A dog owner can be held liable for failing to stop an attack in progress, irrespective of whether he can be held liable under the one bite rule or any other legal theory.
Liability for failure to stop an attack is based on Restatement (Second) of Torts, section 518, comment (j) (1977), as set forth in Bushnell v. Mott, 254 SW 3d 451 (Tex. Supreme Ct., 2008):
Bushnell alleged that Mott was negligent not only in failing to keep her dogs restrained, but in failing to do anything to stop the attack after it had started.
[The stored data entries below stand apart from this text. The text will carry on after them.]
lemma addprin_final_segment_unique:
  fixes a p1 p2 :: "'a::wellorder"
  assumes "addprin p1" "addprin p2"
    and "oiso {z. g1 \<le> z \<and> z < a} {z. z < p1}" "oiso {z. g2 \<le> z \<and> z < a} {z. z < p2}"
  shows "p1 = p2"
proof -
  have ordered: "p2 = p1"
    if le: "g1 \<le> g2" and p1: "addprin p1" and p2: "addprin p2"
      and iso1: "oiso {z. g1 \<le> z \<and> z < a} {z. z < p1}"
      and iso2: "oiso {z. g2 \<le> z \<and> z < a} {z. z < p2}"
    for g1 g2 p1 p2
  proof -
    obtain k where k: "order_iso_on k {z. g1 \<le> z \<and> z < a} {z. z < p1}"
      using iso1 oiso_iff_order_iso_on by blast
    have "{z. g2 \<le> z \<and> z < a} \<noteq> {}"
      using oiso_empty_iff[OF iso2] addprin_pos[OF p2] by blast
    then have g2: "g2 \<in> {z. g1 \<le> z \<and> z < a}" using le by auto
    have "{z \<in> {z. g1 \<le> z \<and> z < a}. g2 \<le> z} = {z. g2 \<le> z \<and> z < a}"
      using le by auto
    moreover have "{w \<in> {z. z < p1}. k g2 \<le> w} = {w. k g2 \<le> w \<and> w < p1}"
      by auto
    ultimately have "oiso {z. g2 \<le> z \<and> z < a} {w. k g2 \<le> w \<and> w < p1}"
      using order_iso_on_above[OF k g2] oiso_iff_order_iso_on by metis
    moreover have "oiso {w. k g2 \<le> w \<and> w < p1} {z. z < p1}"
      using p1 order_iso_on_imageD[OF k] g2 by (auto simp: addprin_def)
    ultimately have "oiso {z. z < p2} {z. z < p1}"
      using iso2 oiso_sym oiso_trans by metis
    then show ?thesis by (rule oiso_lessThan_eq)
  qed
  show ?thesis
    using ordered[of g1 g2 p1 p2] ordered[of g2 g1 p2 p1] assms by (cases "g1 \<le> g2") auto
qed

lemma ell_rel_unique:
  fixes a :: "'a::wellorder"
  assumes "ell_rel a b1" "ell_rel a b2"
  shows "b1 = b2"
proof -
  obtain g1 and p1 :: 'a where 1: "addprin p1" "oiso {z. g1 \<le> z \<and> z < a} {z. z < p1}"
    "oiso {z. z < b1} {q. addprin q \<and> q < p1}"
    using assms(1) unfolding ell_rel_def by blast
  obtain g2 and p2 :: 'a where 2: "addprin p2" "oiso {z. g2 \<le> z \<and> z < a} {z. z < p2}"
    "oiso {z. z < b2} {q. addprin q \<and> q < p2}"
    using assms(2) unfolding ell_rel_def by blast
  have "p1 = p2" using addprin_final_segment_unique 1(1,2) 2(1,2) by blast
  then have "oiso {z. z < b1} {z. z < b2}" using 1(3) 2(3) oiso_sym oiso_trans by metis
  then show ?thesis by (rule oiso_lessThan_eq)
qed

(* The least order type p of a nonempty final segment of a is additively principal, since
   every final segment of p is again the order type of a final segment of a. *)
lemma ex_addprin_final_segment:
  fixes a :: "'a::wellorder"
  assumes "a \<noteq> ozero"
  shows "\<exists>g<a. \<exists>p::'a. addprin p \<and> oiso {z. g \<le> z \<and> z < a} {z. z < p}"
proof -
  define T :: "'a set" where "T = {t. \<exists>g<a. oiso {z. g \<le> z \<and> z < a} {z. z < t}}"
  have "oiso {z. ozero \<le> z \<and> z < a} {z. z < a}" by (simp add: oiso_refl)
  then have "a \<in> T" unfolding T_def using assms ozero_less_iff by blast
  define p where "p = (LEAST t. t \<in> T)"
  have "p \<in> T" unfolding p_def using \<open>a \<in> T\<close> by (rule LeastI)
  then obtain g k where g: "g < a" and k: "order_iso_on k {z. g \<le> z \<and> z < a} {z. z < p}"
    unfolding T_def oiso_iff_order_iso_on by blast
  have "addprin p"
    unfolding addprin_def
  proof (intro conjI allI impI)
    have "k g < p" using order_iso_on_imageD[OF k] g by auto
    then show "ozero < p" using ozero_le le_less_trans by blast
  next
    fix u assume "u < p"
    then have "u \<in> k ` {z. g \<le> z \<and> z < a}" using order_iso_on_imageD[OF k] by simp
    then obtain u' where "u = k u'" and u': "u' \<in> {z. g \<le> z \<and> z < a}" by (rule imageE)
    have "{z \<in> {z. g \<le> z \<and> z < a}. u' \<le> z} = {z. u' \<le> z \<and> z < a}"
      using u' by auto
    moreover have "{w \<in> {z. z < p}. k u' \<le> w} = {w. u \<le> w \<and> w < p}"
      using \<open>u = k u'\<close> by auto
    ultimately have final: "oiso {z. u' \<le> z \<and> z < a} {w. u \<le> w \<and> w < p}"
      using order_iso_on_above[OF k u'] oiso_iff_order_iso_on by metis
    obtain s where s: "s \<le> p" "oiso {z. z < s} {w. u \<le> w \<and> w < p}"
      using oiso_lessThan_exists[of "{w. u \<le> w \<and> w < p}" p] by auto
    have "s \<in> T"
      unfolding T_def using u' final oiso_sym[OF s(2)] oiso_trans by blast
    then have "s = p" using s(1) Least_le[of "\<lambda>t. t \<in> T"] unfolding p_def by fastforce
    then show "oiso {z. u \<le> z \<and> z < p} {z. z < p}" using s(2) oiso_sym by blast
  qed
  moreover have "oiso {z. g \<le> z \<and> z < a} {z. z < p}"
    using k oiso_iff_order_iso_on by blast
  ultimately show ?thesis using g by blast
qed

lemma ell_rel_exists:
  fixes a :: "'a::wellorder"
  assumes "a \<noteq> ozero"
  shows "\<exists>b. ell_rel a b"
proof -
  obtain g and p :: 'a where "g < a" "addprin p" "oiso {z. g \<le> z \<and> z < a} {z. z < p}"
    using ex_addprin_final_segment[OF assms] by blast
  moreover obtain b :: 'a where "oiso {z. z < b} {q. addprin q \<and> q < p}"
    using oiso_lessThan_exists[of "{q. addprin q \<and> q < p}" p] by auto
  ultimately show ?thesis unfolding ell_rel_def using less_imp_le by blast
qed
definition eval_gens :: "'k::field poly poly poly \<Rightarrow> 'k mpoly3" where
  "eval_gens P = pcompose (map_poly subst_normx2 P) normx1"

lemma subst_normx2_0: "subst_normx2 0 = 0"
  and subst_normx2_add: "subst_normx2 (a + b) = subst_normx2 a + subst_normx2 b"
  and subst_normx2_mult: "subst_normx2 (a * b) = subst_normx2 a * subst_normx2 b"
  by (simp_all add: subst_normx2_def pcompose_add pcompose_mult)

lemma eval_gens_add: "eval_gens (P + Q) = eval_gens P + eval_gens Q"
  by (simp add: eval_gens_def pcompose_add
      map_poly_add_hom[where f = subst_normx2, OF subst_normx2_0 subst_normx2_add])

lemma eval_gens_mult: "eval_gens (P * Q) = eval_gens P * eval_gens Q"
  by (simp add: eval_gens_def pcompose_mult
      map_poly_mult_hom[where f = subst_normx2,
        OF subst_normx2_0 subst_normx2_add subst_normx2_mult])

lemma Aalg_eval_gens: "a \<in> Aalg \<Longrightarrow> \<exists>P. a = eval_gens P"
  unfolding Aalg_def
proof (induct rule: subalg.induct)
  case (const c)
  show ?case
    by (rule exI[of _ "[:[:[:c:]:]:]"])
      (simp add: eval_gens_def const3_def map_poly_pCons subst_normx2_0 subst_normx2_def)
next
  case (gen s)
  have "eval_gens [:0, 1:] = normx1" "eval_gens [:[:0, 1:]:] = normx2"
    "eval_gens [:[:[:0, 1:]:]:] = x3"
    by (simp_all add: eval_gens_def subst_normx2_def map_poly_pCons pcompose_pCons pcompose_1
        normx2_eq_const x3_def)
  with gen show ?case
    unfolding normx2_def by (metis empty_iff insert_iff)
next
  case (add a b)
  then show ?case by (metis eval_gens_add)
next
  case (mult a b)
  then show ?case by (metis eval_gens_mult)
qed

lemma degree_normx1: "degree (normx1 :: 'k::field mpoly3) = 4"
proof -
  have sigma_linear: "sigma [:c, 1:] = [:sigma2 c + [:0, 1:], 1 :: 'k poly poly:]" for c
  proof -
    have "sigma [:c, 1:] = sigma [:c:] + sigma x1"
      by (simp add: x1_def sigma_add[symmetric])
    also have "\<dots> = [:sigma2 c:] + x1 + x2"
      by (simp add: sigma_x1 sigma_eq_pcompose[of "[:c:]"] map_poly_pCons sigma2_0)
    also have "\<dots> = [:sigma2 c + [:0, 1:], 1:]"
      by (simp add: x1_def x2_def)
    finally show ?thesis .
  qed
  have x1_eq: "x1 = [:0, 1 :: 'k poly poly:]"
    by (simp add: x1_def)
  show ?thesis
    unfolding normx1_eq x1_eq sigma_linear by (simp add: degree_mult_eq)
qed

lemma eval_gens_add_x2_mult:
  "eval_gens P + x2 * eval_gens Q
     = pcompose (map_poly subst_normx2 P + smult [:0, 1:] (map_poly subst_normx2 Q)) normx1"
  by (simp add: eval_gens_def pcompose_add pcompose_smult x2_def)

lemma subst_normx2_independent:
  assumes "map_poly subst_normx2 P + smult [:0, 1:] (map_poly subst_normx2 Q) = 0"
  shows "P = 0 \<and> Q = 0"
proof -
  have "coeff P i = 0 \<and> coeff Q i = 0" for i
  proof -
    define F where "F b = (if b = 0 then coeff P i else coeff Q i)" for b :: nat
    have "(\<Sum>b<2. [:0, 1:] ^ b * pcompose (F b) normx2_poly) = 0"
      using arg_cong[OF assms, of "\<lambda>p. coeff p i"]
      by (simp add: F_def numeral_2_eq_2 coeff_map_poly subst_normx2_0 subst_normx2_def)
    then have "\<forall>b<2. F b = 0"
      by (rule pcompose_expansion_eq_0[rotated 2]) (simp_all add: normx2_poly_def)
    then have "F 0 = 0" "F 1 = 0" by simp_all
    then show ?thesis by (simp add: F_def)
  qed
  then show ?thesis by (auto intro: poly_eqI)
qed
As a comment to the Restatement recognizes, the owner of a non-vicious dog is generally not liable for the former, but can be liable for the latter:
[A]lthough the possessor or harborer of a dog or cat is privileged to allow it to run at large and therefore is not required to exercise care to keep it under constant control, he is liable if he sees 453*453 his dog or cat about to attack a human being . . . and does not exercise reasonable care to prevent it from doing so.
See RESTATEMENT (SECOND) OF TORTS § 518 cmt. j (1977).
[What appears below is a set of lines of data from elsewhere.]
lemma invertible_kron_hadamard:
  assumes "invertible_mat n A"
  shows "invertible_mat (2 * n) (kron_hadamard A)"
proof -
  from assms obtain A' where A': "\<forall>i<n. \<forall>j<n. (\<Sum>l<n. A i l * A' l j) = (if i = j then 1 else 0)"
    unfolding invertible_mat_def by blast
  txt \<open>H * H = 2 I, so (A' \<otimes> H) / 2 is the inverse.\<close>
  define B where "B i j = kron_hadamard A' i j / 2" for i j
  have "(\<Sum>l<2 * n. kron_hadamard A i l * B l j) = (if i = j then 1 else 0)"
    if "i < 2 * n" "j < 2 * n" for i j
  proof -
    have parity: "i mod 2 = 0 \<or> i mod 2 = 1" "j mod 2 = 0 \<or> j mod 2 = 1" by presburger+
    have "(\<Sum>l<2 * n. kron_hadamard A i l * B l j) =
          (\<Sum>l<n. A (i div 2) l * A' l (j div 2)) * (if i mod 2 = j mod 2 then 1 else 0)"
      unfolding sum_lessThan_double sum_distrib_right
      using parity by (intro sum.cong) (auto simp: kron_hadamard_def B_def hadamard2_def field_simps)
    moreover have "i = j \<longleftrightarrow> i div 2 = j div 2 \<and> i mod 2 = j mod 2"
      by (metis div_mult_mod_eq)
    ultimately show ?thesis
      using A' that by auto
  qed
  then show ?thesis
    unfolding invertible_mat_def by blast
qed
theorem theorem2:
  fixes b N :: nat and \<mu> :: real and W :: "nat \<Rightarrow> real"
  assumes "b \<ge> 3"
    and "\<forall>i<N. \<forall>j<N. i \<noteq> j \<longrightarrow> \<bar>W i\<bar> \<noteq> \<bar>W j\<bar>"
    and "\<mu> > 0"
    and "\<exists>i<N. Qt b \<mu> W i \<noteq> 0"
  shows "\<forall>s::int. sqerr b \<mu> W N (sstar b \<mu> W N) \<le> sqerr b \<mu> W N s"
proof
  fix s :: int
  define A where "A = (\<Sum>i<N. (Qt b \<mu> W i)\<^sup>2)"
  define B where "B = (\<Sum>i<N. Qt b \<mu> W i * W i)"
  have pos: "A > 0" "B > 0" using sums_Qt_pos[OF assms(1,3,4)] by (simp_all add: A_def B_def)
  have "sstar b \<mu> W N = \<lfloor>log 2 ((4 * B) / (3 * A))\<rfloor>"
    unfolding sstar_def Let_def A_def B_def
    by (simp only: sum_Qt_squared[OF assms(1,3)] sum_Qt_mult_W[OF assms(1,3,2)])
  then show "sqerr b \<mu> W N (sstar b \<mu> W N) \<le> sqerr b \<mu> W N s"
    unfolding sqerr_def sum_squared_scaled_diff A_def[symmetric] B_def[symmetric]
    using floor_log2_minimises_quadratic_on_powers[OF pos, of s] by (simp add: mult.commute)
qed

end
If we consider only Bushnell’s original affidavit, Bushnell testified that while she was being bitten, she “never once heard [Mott] scold the dogs.” Even if Mott did not know her dogs had dangerous propensities, Bushnell’s original affidavit indicating that Mott did nothing to prevent her dogs from continuing to attack Mott raises a material fact issue concerning whether Mott failed to exercise ordinary care over her dogs once the attack began.
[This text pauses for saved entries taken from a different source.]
(* A Borel measurable function $f:\mathbb{R}^n\to\mathbb{R}$ is level convex if and only if for every $d\ge1$, every open set $\Omega\subseteq\mathbb{R}^d$, every Borel probability measure $\mu$ on $\mathbb{R}^d$ supported on $\Omega$ and every $\varphi\in L^1_\mu(\Omega;\mathbb{R}^n)$, $$f\Big(\int_\Omega\varphi\,d\mu\Big)\le\mu\text{-}\operatorname*{ess\,sup}_{x\in\Omega}f(\varphi(x)).$$ In particular, if $f$ is level convex and $\Omega$ has finite positive Lebesgue measure, then $f\big(\frac{1}{|\Omega|}\int_\Omega\varphi\,dx\big)\le\operatorname{ess\,sup}_{x\in\Omega}f(\varphi(x))$ for every $\varphi\in L^1(\Omega;\mathbb{R}^n)$.
   Context: Level convex: $f(\lambda\xi+(1-\lambda)\eta)\le\max\{f(\xi),f(\eta)\}$ for all $\xi,\eta\in\mathbb{R}^n$ and $\lambda\in(0,1)$. $\mu\text{-}\operatorname{ess\,sup}$ denotes the essential supremum with respect to $\mu$. *)

theory Defs
  imports "HOL-Probability.Probability"
begin

definition level_convex :: "('a::real_vector \<Rightarrow> real) \<Rightarrow> bool" where
  "level_convex f \<longleftrightarrow>
     (\<forall>\<xi> \<eta>. \<forall>t::real. 0 < t \<and> t < 1 \<longrightarrow>
        f (t *\<^sub>R \<xi> + (1 - t) *\<^sub>R \<eta>) \<le> max (f \<xi>) (f \<eta>))"

text \<open>Explicit model of R^d (d varies inside the statement): functions on the index set
  {..<d} (extensional, i.e. undefined outside), with the product topology of the
  Euclidean line, the Borel product measure, and Lebesgue measure = its completion.\<close>
definition Rd_top :: "nat \<Rightarrow> (nat \<Rightarrow> real) topology" where
  "Rd_top d = product_topology (\<lambda>_. euclideanreal) {..<d}"

definition Rd_borel :: "nat \<Rightarrow> (nat \<Rightarrow> real) measure" where
  "Rd_borel d = (\<Pi>\<^sub>M i\<in>{..<d}. lborel)"

definition Rd_lebesgue :: "nat \<Rightarrow> (nat \<Rightarrow> real) measure" where
  "Rd_lebesgue d = completion (Rd_borel d)"

end

theory Submission imports Defs begin

text \<open>
  Level convexity of \<open>f\<close> means that all sublevel sets \<open>{y. f y \<le> c}\<close> are convex, so the
  inequality reduces to the fact that the barycenter of a probability measure lies in every
  convex set carrying the measure. That fact is proved by induction on the affine dimension
  of the convex set: if the barycenter misses its relative interior, a supporting hyperplane
  through the barycenter contains almost all of the mass, and one passes to the lower
  dimensional face. Conversely, two-point measures on the line turn the inequality back
  into the definition of level convexity.
\<close>

lemma convex_supporting_hyperplane_not_in_rel_interior:
  fixes m :: "'a::euclidean_space"
  assumes C: "convex C" "C \<noteq> {}" and m: "m \<notin> rel_interior C"
  obtains a where "\<And>y. y \<in> C \<Longrightarrow> a \<bullet> m \<le> a \<bullet> y" and "\<exists>y\<in>C. a \<bullet> m < a \<bullet> y"
proof -
  have "rel_interior C \<noteq> {}" using C rel_interior_eq_empty by blast
  then obtain a b where aff: "m + a \<in> affine hull (insert m (rel_interior C))"
    and "a \<noteq> 0" and "a \<bullet> m \<le> b" and ge_b: "\<And>u. u \<in> rel_interior C \<Longrightarrow> b \<le> a \<bullet> u"
    using separating_hyperplane_set_point_inaff[of "rel_interior C" m] m
      convex_rel_interior[OF C(1)] by blast
  have "closure (rel_interior C) \<subseteq> {y. b \<le> a \<bullet> y}"
    using ge_b by (intro closure_minimal subsetI) (auto simp: closed_halfspace_ge)
  then have "C \<subseteq> {y. b \<le> a \<bullet> y}"
    using closure_subset convex_closure_rel_interior[OF C(1)] by blast
  with \<open>a \<bullet> m \<le> b\<close> have le: "a \<bullet> m \<le> a \<bullet> y" if "y \<in> C" for y
    using that by (meson mem_Collect_eq order_trans subsetD)
  moreover have "\<exists>y\<in>C. a \<bullet> m < a \<bullet> y"
  proof (rule ccontr)
    assume "\<not> ?thesis"
    with le have "a \<bullet> y = a \<bullet> m" if "y \<in> C" for y
      using that by (meson antisym not_le)
    then have "insert m (rel_interior C) \<subseteq> {y. a \<bullet> y = a \<bullet> m}"
      using rel_interior_subset by blast
    then have "affine hull (insert m (rel_interior C)) \<subseteq> {y. a \<bullet> y = a \<bullet> m}"
      by (simp add: affine_hyperplane hull_minimal)
    with aff have "a \<bullet> (m + a) = a \<bullet> m" by blast
    then have "a \<bullet> a = 0" by (simp add: inner_add_right)
    with \<open>a \<noteq> 0\<close> show False by simp
  qed
  ultimately show thesis by (rule that)
qed

lemma aff_dim_Int_hyperplane_less:
  fixes C :: "'a::euclidean_space set"
  assumes "y \<in> C" "a \<bullet> y \<noteq> b"
  shows "aff_dim (C \<inter> {x. a \<bullet> x = b}) < aff_dim C"
proof (rule aff_dim_psubset)
  have "affine hull (C \<inter> {x. a \<bullet> x = b}) \<subseteq> {x. a \<bullet> x = b}"
    by (intro hull_minimal) (auto simp: affine_hyperplane)
  moreover have "affine hull (C \<inter> {x. a \<bullet> x = b}) \<subseteq> affine hull C" by (intro hull_mono) blast
  moreover have "y \<in> affine hull C" using assms(1) by (rule hull_inc)
  moreover have "y \<notin> {x. a \<bullet> x = b}" using assms(2) by simp
  ultimately show "affine hull (C \<inter> {x. a \<bullet> x = b}) \<subset> affine hull C"
    by (metis psubsetI subsetD)
qed

lemma (in prob_space) AE_eq_integral_if_AE_ge_integral:
  fixes g :: "'a \<Rightarrow> real"
  assumes g: "integrable M g" and ge: "AE x in M. integral\<^sup>L M g \<le> g x"
  shows "AE x in M. g x = integral\<^sup>L M g"
proof -
  have int: "integrable M (\<lambda>x. g x - integral\<^sup>L M g)" using g by simp
  have "integral\<^sup>L M (\<lambda>x. g x - integral\<^sup>L M g) = 0"
    using g prob_space by (simp add: Bochner_Integration.integral_diff)
  moreover have "AE x in M. 0 \<le> g x - integral\<^sup>L M g" using ge by auto
  ultimately show ?thesis using integral_nonneg_eq_0_iff_AE[OF int] by simp
qed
Failing to stop an attack in progress also can be used against the defendant at trial to increase civil and/or criminal liability. In the Diane Whipple case (People v. Knoller), defendant Marjorie Knoller was convicted of second degree murder upon proof that included (among other things) that she was present throughout the entire time that her Presa Canario dog was mauling the victim to death. See The Diane Whipple Case.